(* The element $s=\sum_{n\ge0}t^ns_n\in H$ is transcendental over $K$.
   Context: $p$ is a prime, $\mathbb F$ an algebraic closure of $\mathbb F_p$, $t$ an indeterminate, $H=\mathbb F((t^{\mathbb Q}))$ the Hahn field of series $\sum_{q\in\mathbb Q}a_qt^q$ ($a_q\in\mathbb F$) with well-ordered support, and $K=\bigcup_{N\ge1}\mathbb F((t^{1/N}))\subset H$ the Newton–Puiseux field. For $n\ge0$, $s_n=\sum_{j\ge n}\binom{j}{n}t^{-1/p^{j+1}}\in H$, with binomial coefficients read in $\mathbb F_p$. *)

theory Defs
  imports "HOL-Computational_Algebra.Polynomial"
begin

text \<open>Hahn series over a field F with rational exponents, represented by their
coefficient function rat => F. The Hahn field H is the set of those with well-ordered support.\<close>

definition hahn :: "(rat \<Rightarrow> 'a::zero) set" where
  "hahn = {f. wf {(x, y). f x \<noteq> 0 \<and> f y \<noteq> 0 \<and> x < y}}"

definition hzero :: "rat \<Rightarrow> 'a::zero" where
  "hzero = (\<lambda>q. 0)"

definition hone :: "rat \<Rightarrow> 'a::{zero,one}" where
  "hone = (\<lambda>q. if q = 0 then 1 else 0)"

definition hmonom :: "'a::zero \<Rightarrow> rat \<Rightarrow> rat \<Rightarrow> 'a" where
  "hmonom a e = (\<lambda>q. if q = e then a else 0)"
lemma dist_compl:
  assumes "x \<in> V" "y \<in> V"
  shows "dist V E x y = (if x = y then 0 else if H x y then 2 else 1)"
proof -
  consider "x = y" | "x \<noteq> y" "H x y" | "x \<noteq> y" "E x y"
    using compl_graph_iff[OF graph assms] by blast
  then show ?thesis
  proof cases
    case 1
    then show ?thesis using dist_self[OF assms(1)] by simp
  next
    case 2
    then obtain z where "z \<in> V" "E x z" "E z y" using compl_edge_common_neighbour by blast
    then show ?thesis
      using dist_two[OF assms] 2 compl_graph_iff[OF graph assms] by simp
  next
    case 3
    then show ?thesis using dist_adjacent[OF assms] compl_graph_iff[OF graph assms] by simp
  qed
qed

lemma resolving_set_iff: "resolving_set V E R \<longleftrightarrow> adj_resolving V H R"
proof -
  have "dist V E r x \<noteq> dist V E r y \<longleftrightarrow> r = x \<or> r = y \<or> H r x \<noteq> H r y"
    if "r \<in> V" "x \<in> V" "y \<in> V" "x \<noteq> y" for r x y
    using that dist_compl by auto
  then show ?thesis
    unfolding resolving_set_def adj_resolving_def by (meson subsetD)
qed

lemma basis_forced_P5_second:
  assumes "basis_forced V E v"
  shows "P5_second H v"
proof -
  have "resolving_set V E V" unfolding resolving_set_iff adj_resolving_def by blast
  then obtain R where basis: "metric_basis V E R" using metric_basis_exists by blast
  interpret adj_forced V H R v
  proof
    show "simple_graph V H" by (rule simple_graph_compl[OF graph])
    show "card (edge_set H) \<le> 4" by (rule sparse)
    show "adj_resolving V H R"
      using basis resolving_set_iff unfolding metric_basis_def by blast
    show "v \<in> R" using assms basis unfolding basis_forced_def by blast
    show "\<not> adj_resolving V H (R - {v})"
      using basis_forced_delete[OF finite_V assms basis] resolving_set_iff by blast
    show "\<not> adj_resolving V H (insert u (R - {v}))" if "u \<in> V - R" for u
      using basis_forced_exchange[OF finite_V assms basis that] resolving_set_iff by blast
  qed
  show ?thesis by (rule P5_second_v)
qed

lemma basis_forced_compl_automorphism:
  assumes "bij_betw \<sigma> V V" "\<And>p q. p \<in> V \<Longrightarrow> q \<in> V \<Longrightarrow> H (\<sigma> p) (\<sigma> q) = H p q"
    and "basis_forced V E x"
  shows "basis_forced V E (\<sigma> x)"
proof (rule basis_forced_image[OF assms(1) _ assms(3)])
  fix p q assume pq: "p \<in> V" "q \<in> V"
  then have "\<sigma> p \<in> V" "\<sigma> q \<in> V" "\<sigma> p = \<sigma> q \<longleftrightarrow> p = q"
    using assms(1) unfolding bij_betw_def inj_on_def by blast+
  then show "dist V E (\<sigma> p) (\<sigma> q) = dist V E p q"
    using dist_compl pq assms(2)[OF pq] by simp
qed

lemma card_basis_forced_eq_2:
  assumes "graph_iso V H {0..<card V} P5_plus_isolated" "basis_forced V E v"
  shows "card {v. basis_forced V E v} = 2"
proof -
  obtain f where f: "bij_betw f V {0..<card V}"
    and iso: "\<And>p q. p \<in> V \<Longrightarrow> q \<in> V \<Longrightarrow> H p q \<longleftrightarrow> P5_plus_isolated (f p) (f q)"
    using assms(1) unfolding graph_iso_def by blast
  have inj: "inj_on f V" using f by (rule bij_betw_imp_inj_on)
  have label: "f x \<in> {1, 3}" if "basis_forced V E x" for x
    using P5_second_P5_plus_isolated[OF P5_second_transfer[OF simple_graph_compl[OF graph] inj iso
          basis_forced_P5_second[OF that]]] by blast
  obtain \<sigma> where bij: "bij_betw \<sigma> V V"
    and auto: "\<And>p q. p \<in> V \<Longrightarrow> q \<in> V \<Longrightarrow> H (\<sigma> p) (\<sigma> q) = H p q"
    and f_\<sigma>: "\<And>p. p \<in> V \<Longrightarrow> f (\<sigma> p) = P5_reflect (f p)"
    using P5_reflection_automorphism[OF f _ iso] six_vertices by auto
  have "basis_forced V E (\<sigma> v)"
    using basis_forced_compl_automorphism[OF bij auto assms(2)] .
  moreover have "\<sigma> v \<noteq> v"
  proof
    assume "\<sigma> v = v"
    moreover have "v \<in> V" using assms(2) unfolding basis_forced_def by blast
    ultimately show False
      using f_\<sigma>[of v] label[OF assms(2)] unfolding P5_reflect_def by auto
  qed
  moreover have "finite {v. basis_forced V E v}"
    using finite_V by (rule finite_subset[rotated]) (auto simp: basis_forced_def)
  ultimately have "card {v, \<sigma> v} \<le> card {v. basis_forced V E v}"
    using assms(2) by (intro card_mono) auto
  moreover have "card {v. basis_forced V E v} \<le> card {1, 3 :: nat}"
  proof (rule card_inj_on_le)
    show "inj_on f {v. basis_forced V E v}"
      by (rule inj_on_subset[OF inj]) (auto simp: basis_forced_def)
    show "f ` {v. basis_forced V E v} \<subseteq> {1, 3}" using label by blast
  qed simp
  ultimately show ?thesis using \<open>\<sigma> v \<noteq> v\<close> by simp
qed

end

lemma card_compl_edge_set_ge_4:
  assumes "simple_graph V E" "6 \<le> card V" "basis_forced V E v"
  shows "4 \<le> card (edge_set (compl_graph V E))"
proof (rule ccontr)
  assume few: "\<not> ?thesis"
  then interpret sparse_complement V E using assms(1,2) by unfold_locales auto
  show False
    using P5_second_card_edge_set[OF simple_graph_compl[OF graph] basis_forced_P5_second[OF assms(3)]]
      few by simp
qed
lemma SOS_mult_Qmod:
  assumes "s \<in> SOS n" "q \<in> Qmod n r g l0" "tdeg s + l0 \<le> l"
  shows "s * q \<in> Qmod n r g l"
proof -
  obtain s0 ss where q: "s0 \<in> SOS n" "tdeg s0 \<le> l0"
      "\<forall>i\<in>{1..r}. ss i \<in> SOS n \<and> tdeg (ss i * g i) \<le> l0" "q = s0 + (\<Sum>i=1..r. ss i * g i)"
    using assms(2) unfolding Qmod_def by blast
  have "s * q = s * s0 + (\<Sum>i=1..r. (s * ss i) * g i)"
    unfolding q(4) by (simp add: distrib_left sum_distrib_left mult.assoc)
  moreover have "s * s0 \<in> SOS n" "tdeg (s * s0) \<le> l"
    using SOS_mult[OF assms(1) q(1)] tdeg_mult[of s s0] q(2) assms(3) by auto
  moreover have "s * ss i \<in> SOS n" "tdeg (s * ss i * g i) \<le> l" if "i \<in> {1..r}" for i
  proof -
    have "ss i \<in> SOS n" "tdeg (ss i * g i) \<le> l0"
      using q(3) that by auto
    then show "s * ss i \<in> SOS n" "tdeg (s * ss i * g i) \<le> l"
      using SOS_mult[OF assms(1)] tdeg_mult[of s "ss i * g i"] assms(3) by (auto simp: mult.assoc)
  qed
  ultimately show ?thesis
    unfolding Qmod_def
    by (intro CollectI exI[of _ "s * s0"] exI[of _ "\<lambda>i. s * ss i"] conjI ballI) assumption+
qed

subsection \<open>Nonnegative combinations of squared monomials\<close>

definition sq_monomial_comb :: "nat \<Rightarrow> mpoly \<Rightarrow> bool" where
  "sq_monomial_comb n p \<longleftrightarrow> (\<forall>m\<in>Poly_Mapping.keys p.
     0 < Poly_Mapping.lookup p m \<and> (\<exists>\<gamma>. Poly_Mapping.keys \<gamma> \<subseteq> {..<n} \<and> m = \<gamma> + \<gamma>))"

lemma sq_monomial_comb_single:
  "Poly_Mapping.keys \<gamma> \<subseteq> {..<n} \<Longrightarrow> 0 \<le> c \<Longrightarrow> sq_monomial_comb n (Poly_Mapping.single (\<gamma> + \<gamma>) c)"
  unfolding sq_monomial_comb_def by auto
lemma E7_parabolic_chain:
  "parabolic_chain 7 [1..<7] (map (simple_root_list 7) [1..<8]) (rev E7_higher_positive_roots)"
  by code_simp

theorem lemma2p4:
  fixes n i :: nat and \<alpha> :: "nat \<Rightarrow> int"
  assumes "(n = 6 \<and> i = 1) \<or> (n = 7 \<and> i = 7)"
    and "\<alpha> \<in> rootsE n"
  shows "reflE n \<alpha> \<in> genW n ({1..n} - {i}) \<union>
           {u \<circ> sE n i \<circ> v | u v. u \<in> genW n ({1..n} - {i}) \<and> v \<in> genW n ({1..n} - {i})}"
  using assms(1)
proof
  assume "n = 6 \<and> i = 1"
  then have n: "n = 6" and i: "i = 1" by auto
  show ?thesis
    unfolding n i
    by (rule reflE_mem_double_coset_of_root_certificate[OF _ _ E6_positive_roots_def
          E6_positive_roots_length E6_positive_roots_reflects_into E6_parabolic_chain])
      (use assms(2) n in auto)
next
  assume "n = 7 \<and> i = 7"
  then have n: "n = 7" and i: "i = 7" by auto
  show ?thesis
    unfolding n i
    by (rule reflE_mem_double_coset_of_root_certificate[OF _ _ E7_positive_roots_def
          E7_positive_roots_length E7_positive_roots_reflects_into E7_parabolic_chain])
      (use assms(2) n in auto)
qed

end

☆ ☆ ☆

### ASSIGNED TASK
Exactly as written, please reproduce the lines from the first line of the data to the line containing "f x \<noteq>", inclusive, and nothing else.

### RESULT OF THIS TASK
(* The element $s=\sum_{n\ge0}t^ns_n\in H$ is transcendental over $K$.
   Context: $p$ is a prime, $\mathbb F$ an algebraic closure of $\mathbb F_p$, $t$ an indeterminate, $H=\mathbb F((t^{\mathbb Q}))$ the Hahn field of series $\sum_{q\in\mathbb Q}a_qt^q$ ($a_q\in\mathbb F$) with well-ordered support, and $K=\bigcup_{N\ge1}\mathbb F((t^{1/N}))\subset H$ the Newton–Puiseux field. For $n\ge0$, $s_n=\sum_{j\ge n}\binom{j}{n}t^{-1/p^{j+1}}\in H$, with binomial coefficients read in $\mathbb F_p$. *)

theory Defs
  imports "HOL-Computational_Algebra.Polynomial"
begin

text \<open>Hahn series over a field F with rational exponents, represented by their
coefficient function rat => F. The Hahn field H is the set of those with well-ordered support.\<close>

definition hahn :: "(rat \<Rightarrow> 'a::zero) set" where
  "hahn = {f. wf {(x, y). f x \<noteq> 0 \<and> f y \<noteq> 0 \<and> x < y}}"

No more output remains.